Submitted by Limbooo, also found by 0xAadi, 0xAsen, 0xAsen, 0xastronatey, 0xcrazyboy999, 0xdoichantran, 0xhp9, 0xIconart, 0xlemon, 0xloscar01, 0xMosh, 0xTonraq, 0xvd, 0xyuri, 4B, Abdessamed, Abdul, agadzhalov, Agorist, aldarion, Alekso, Arjuna, arnie, attentioniayn, bani, Benterkiii, Bz, classic-k, Daniel_eth, Daniel526, dobrevaleri, doublekk, eLSeR17, EPSec, falconhoof, farismaulana, felconsec, francoHacker, gesha17, ginlee, HappyTop0603, hearmen, hearmen, Heavyweight_hunters, hyuunn, hyuunn, iam_emptyset, iamandreiski, Illoy-Scizceneghposter, inh3l, Ishenxx, jesjupyter, jsonDoge, ka14ar, kn0t, KupiaSec, lanyi2023, laxraw, leegh, matrix_0wl, misbahu, montecristo, MSK, Mylifechangefast_eth, MysteryAuditor, NHristov, PabloPerez, pairingfriendly, patitonar, peanuts, phoenixV110, REKCAH, Sabit, shaflow2, shaflow2, Sherlock__VARM, Shipkata494, silver_eth, SpicyMeatball, theboiledcorn, theboiledcorn, undefined_joe, vladi319, web3km, X0sauce, y4y, YouCrossTheLineAlfie, Zach_166, and zzykxx

https://github.com/code-423n4/2025-02-thorwallet/blob/98d7e936518ebd80e2029d782ffe763a3732a792/contracts/Titn.sol#L106-L108

https://github.com/code-423n4/2025-02-thorwallet/blob/98d7e936518ebd80e2029d782ffe763a3732a792/contracts/Titn.sol#L82-L83

Finding description and impact

Root Cause The Titn.sol contract incorrectly tracks bridged token holders using a boolean flag (isBridgedTokenHolder).
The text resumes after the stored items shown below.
lemma inv_deg_le: "\<forall>i\<ge>N. g i = 0 \<Longrightarrow> inv_deg g \<le> N"
  unfolding inv_deg_def by (rule Least_le)

definition horner_sum :: "'a::comm_ring_1 \<Rightarrow> (nat \<Rightarrow> 'a) \<Rightarrow> nat \<Rightarrow> 'a" where
  "horner_sum x g N = (\<Sum>i<N. g i * x ^ (N - Suc i))"

lemma horner_sum_0 [simp]: "horner_sum x g 0 = 0"
  by (simp add: horner_sum_def)

lemma horner_sum_Suc: "horner_sum x g (Suc N) = x * horner_sum x g N + g N"
proof -
  have "(\<Sum>i<N. g i * x ^ (N - i)) = x * horner_sum x g N"
    unfolding horner_sum_def sum_distrib_left
  proof (rule sum.cong)
    fix i assume "i \<in> {..<N}"
    then have "N - i = Suc (N - Suc i)" by auto
    then show "g i * x ^ (N - i) = x * (g i * x ^ (N - Suc i))" by (simp add: algebra_simps)
  qed simp
  then show ?thesis by (simp add: horner_sum_def)
qed

lemma horner_sum_beyond_support:
  assumes "\<forall>i\<ge>N. g i = 0"
  shows "horner_sum x g (N + d) = x ^ d * horner_sum x g N"
  by (induction d) (use assms in \<open>simp_all add: horner_sum_Suc\<close>)

lemma horner_sum_linear:
  "horner_sum x (\<lambda>i. r * g i + s * h i) N = r * horner_sum x g N + s * horner_sum x h N"
  by (simp add: horner_sum_def sum.distrib sum_distrib_left algebra_simps)

lemma horner_sum_xU_mult: "horner_sum x (xU_mult x g) N = g 0 * x ^ N - g N"
  by (induction N)
     (simp_all add: horner_sum_Suc xU_mult_def U_act_def right_diff_distrib mult.assoc mult.left_commute)

lemma f1_map_eq_horner_sum:
  assumes "\<forall>i\<ge>N. g i = 0"
  shows "f1_map x g = loc_elem x (horner_sum x g N) N"
proof -
  define n where "n = inv_deg g"
  have "\<forall>i\<ge>n. g i = 0" unfolding n_def using inv_deg_vanishing[OF inv_polysI[OF assms]] .
  moreover obtain d where d: "N = n + d"
    using inv_deg_le[OF assms] le_Suc_ex unfolding n_def by blast
  ultimately have "x ^ N * horner_sum x g n = x ^ n * horner_sum x g N"
    by (simp only: horner_sum_beyond_support power_add mult_ac)
  then show ?thesis
    unfolding f1_map_def Let_def n_def[symmetric] horner_sum_def[symmetric] by (rule loc_elem_eqI)
qed

lemma xU_mult_vanishing: "\<forall>i\<ge>N. g i = 0 \<Longrightarrow> \<forall>i\<ge>N. xU_mult x g i = 0"
  by (simp add: xU_mult_def U_act_def)

lemma xU_mult_in_inv_polys: "g \<in> inv_polys \<Longrightarrow> xU_mult x g \<in> inv_polys"
  by (elim inv_polysE) (rule inv_polysI[OF xU_mult_vanishing])

lemma f1_map_in_Loc: "f1_map x g \<in> Loc x"
  by (simp add: f1_map_def Let_def loc_elem_in_Loc)

lemma f1_map_linear:
  assumes "g \<in> inv_polys" "h \<in> inv_polys"
  shows "f1_map x (\<lambda>i. r * g i + s * h i) = loc_add x (loc_smul x r (f1_map x g)) (loc_smul x s (f1_map x h))"
proof -
  obtain N1 where "\<forall>i\<ge>N1. g i = 0" using assms(1) by (rule inv_polysE)
  moreover obtain N2 where "\<forall>i\<ge>N2. h i = 0" using assms(2) by (rule inv_polysE)
  ultimately have g: "\<forall>i\<ge>N1 + N2. g i = 0" and h: "\<forall>i\<ge>N1 + N2. h i = 0" by auto
  then have gh: "\<forall>i\<ge>N1 + N2. r * g i + s * h i = 0" by simp
  show ?thesis
    unfolding f1_map_eq_horner_sum[OF g] f1_map_eq_horner_sum[OF h] f1_map_eq_horner_sum[OF gh]
      loc_smul_loc_elem loc_add_loc_elem horner_sum_linear
    by (rule loc_elem_eqI) (simp add: power_add algebra_simps)
qed

lemma f1_map_xU_mult:
  assumes "g \<in> inv_polys"
  shows "f1_map x (xU_mult x g) = loc_iota x (f0_map g)"
proof -
  obtain N where N: "\<forall>i\<ge>N. g i = 0" using assms by (rule inv_polysE)
  then show ?thesis
    unfolding f1_map_eq_horner_sum[OF xU_mult_vanishing[OF N]] horner_sum_xU_mult loc_iota_def f0_map_def
    by (intro loc_elem_eqI) (simp add: algebra_simps)
qed

lemma xU_mult_eq_zero_iff: "xU_mult x g = (\<lambda>_. 0) \<longleftrightarrow> (\<exists>r. g = (\<lambda>i. x ^ i * r))"
proof
  assume "xU_mult x g = (\<lambda>_. 0)"
  then have "g (Suc i) = x * g i" for i
    by (auto simp: xU_mult_def U_act_def fun_eq_iff)
  then have "g i = x ^ i * g 0" for i
    by (induction i) simp_all
  then show "\<exists>r. g = (\<lambda>i. x ^ i * r)" by blast
next
  assume "\<exists>r. g = (\<lambda>i. x ^ i * r)"
  then show "xU_mult x g = (\<lambda>_. 0)"
    by (auto simp: xU_mult_def U_act_def fun_eq_iff mult.assoc)
qed

lemma geometric_in_inv_polys:
  fixes x r :: "'a::comm_semiring_1"
  assumes "x ^ k * r = 0"
  shows "(\<lambda>i. x ^ i * r) \<in> inv_polys"
proof (rule inv_polysI[of k], intro allI impI)
  fix i assume "k \<le> i"
  then obtain d where "i = k + d" using le_Suc_ex by blast
  then have "x ^ i * r = x ^ d * (x ^ k * r)" by (simp add: power_add mult_ac)
  then show "x ^ i * r = 0" using assms by simp
qed

lemma bij_betw_f0_map_kernels:
  "bij_betw f0_map {g \<in> inv_polys. xU_mult x g = (\<lambda>_. 0)} {r. loc_iota x r = loc_iota x 0}"
proof (rule bij_betw_byWitness[where f' = "\<lambda>r i. x ^ i * r"])
  show "\<forall>g\<in>{g \<in> inv_polys. xU_mult x g = (\<lambda>_. 0)}. (\<lambda>i. x ^ i * f0_map g) = g"
    by (auto simp: xU_mult_eq_zero_iff f0_map_def)
  show "\<forall>r\<in>{r. loc_iota x r = loc_iota x 0}. f0_map (\<lambda>i. x ^ i * r) = r"
    by (simp add: f0_map_def)
  show "f0_map ` {g \<in> inv_polys. xU_mult x g = (\<lambda>_. 0)} \<subseteq> {r. loc_iota x r = loc_iota x 0}"
  proof clarify
    fix g assume g: "g \<in> inv_polys" "xU_mult x g = (\<lambda>_. 0)"
    then obtain r where r: "g = (\<lambda>i. x ^ i * r)" by (auto simp: xU_mult_eq_zero_iff)
    obtain N where "\<forall>i\<ge>N. g i = 0" using g(1) by (rule inv_polysE)
    then have "x ^ N * r = 0" by (simp add: r)
    then show "loc_iota x (f0_map g) = loc_iota x 0" by (auto simp: r f0_map_def loc_iota_eq_zero_iff)
  qed
  show "(\<lambda>r i. x ^ i * r) ` {r. loc_iota x r = loc_iota x 0} \<subseteq> {g \<in> inv_polys. xU_mult x g = (\<lambda>_. 0)}"
    by (auto simp: loc_iota_eq_zero_iff xU_mult_eq_zero_iff geometric_in_inv_polys)
qed

lemma Loc_eq_f1_map_plus_loc_iota:
  assumes "y \<in> Loc x"
  shows "\<exists>g\<in>inv_polys. \<exists>r. y = loc_add x (f1_map x g) (loc_iota x r)"
proof -
  obtain a m where y: "y = loc_elem x a m" using assms by (rule LocE)
  show ?thesis
  proof (cases m)
    case 0
    have zero: "\<forall>i\<ge>0. (\<lambda>_. 0::'a) i = 0" by simp
    have "y = loc_add x (f1_map x (\<lambda>_. 0)) (loc_iota x a)"
      unfolding f1_map_eq_horner_sum[OF zero] loc_iota_def loc_add_loc_elem y 0 by simp
    then show ?thesis using inv_polysI[OF zero] by blast
  next
    case (Suc m')
    define g where "g = (\<lambda>i. if i = m' then a else 0)"
    have g: "\<forall>i\<ge>m. g i = 0" by (simp add: g_def Suc)
    have "horner_sum x g m' = 0" by (simp add: horner_sum_def g_def)
    then have "horner_sum x g m = a" by (simp add: Suc horner_sum_Suc g_def)
    then have "y = loc_add x (f1_map x g) (loc_iota x 0)"
      unfolding f1_map_eq_horner_sum[OF g] loc_iota_def loc_add_loc_elem y by simp
    then show ?thesis using inv_polysI[OF g] by blast
  qed
qed

lemma f1_map_eq_loc_iota_imp_image_xU_mult:
  assumes "g \<in> inv_polys" "f1_map x g = loc_iota x r"
  shows "\<exists>h\<in>inv_polys. g = xU_mult x h"
proof -
  define N where "N = inv_deg g"
  have g: "\<forall>i\<ge>N. g i = 0" unfolding N_def using inv_deg_vanishing[OF assms(1)] .
  have "loc_elem x (horner_sum x g N) N = loc_elem x r 0"
    using assms(2) by (simp add: f1_map_eq_horner_sum[OF g] loc_iota_def)
  then obtain k where k: "x ^ k * (horner_sum x g N - x ^ N * r) = 0"
    by (auto simp: loc_elem_eq_iff locrel_iff)
  define h where "h = (\<lambda>i. x ^ i * r - horner_sum x g i)"
  have "\<forall>i\<ge>N + k. h i = 0"
  proof (intro allI impI)
    fix i assume "N + k \<le> i"
    then obtain d where d: "i = N + (k + d)" using le_Suc_ex by (metis add.assoc)
    have "h i = - (x ^ d * (x ^ k * (horner_sum x g N - x ^ N * r)))"
      unfolding h_def d horner_sum_beyond_support[OF g] by (simp add: power_add algebra_simps)
    then show "h i = 0" using k by simp
  qed
  then have "h \<in> inv_polys" by (rule inv_polysI)
  moreover have "g = xU_mult x h"
    by (simp add: fun_eq_iff h_def xU_mult_def U_act_def horner_sum_Suc algebra_simps)
  ultimately show ?thesis by blast
qed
Once an address receives any bridged tokens (via cross-chain bridging), it is permanently marked as a “bridged token holder,” subjecting all tokens held by that address (including non-bridged ones) to transfer restrictions. This flawed design allows malicious actors to disrupt legitimate users by sending them a trivial amount of bridged tokens, thereby locking their entire TITN balance from being transferred freely.

Impact

  • Loss of User Control: Users holding both bridged and non-bridged tokens cannot transfer any tokens unless sending them to the LayerZero endpoint or transferAllowedContract.
  • Denial-of-Service (DoS) Attack Vector: An attacker can send 1 wei of bridged TITN to any address, permanently locking their TITN tokens (even those obtained through non-bridged means).
  • Protocol Functionality Breakdown: The intended economic model (allowing free transfer of non-bridged tokens) is violated, undermining user trust and utility.

Proof of Concept

Code References

  1. Bridged Token Tracking (Incorrect Boolean):
    Titn.sol#L106-L108: 

    if (!isBridgedTokenHolder[_to]) {
   isBridgedTokenHolder[_to] = true;
}

    This marks _to as a bridged holder upon receiving any bridged tokens.

  2. Overly Restrictive Transfer Validation:
    Titn.sol#L82-L83: 

    (isBridgedTokenHolder[from] || block.chainid == arbitrumChainId) &&
to != lzEndpoint

    If from is marked as a bridged holder (even for 1 wei), transfers are blocked unless sent to lzEndpoint.

Attack Scenario

  1. Malicious User Action:

    • Attacker bridges 1 wei of TITN to Victim’s address on Base.
    • Victim is now marked as isBridgedTokenHolder[Victim] = true.

  2. Victim’s Attempted Transfer:

    • Victim holds 1000 non-bridged TITN tokens.
    • Tries to transfer 1000 TITN to another address (not lzEndpoint or transferAllowedContract).
    • Transaction reverts with BridgedTokensTransferLocked(), even though all tokens are non-bridged.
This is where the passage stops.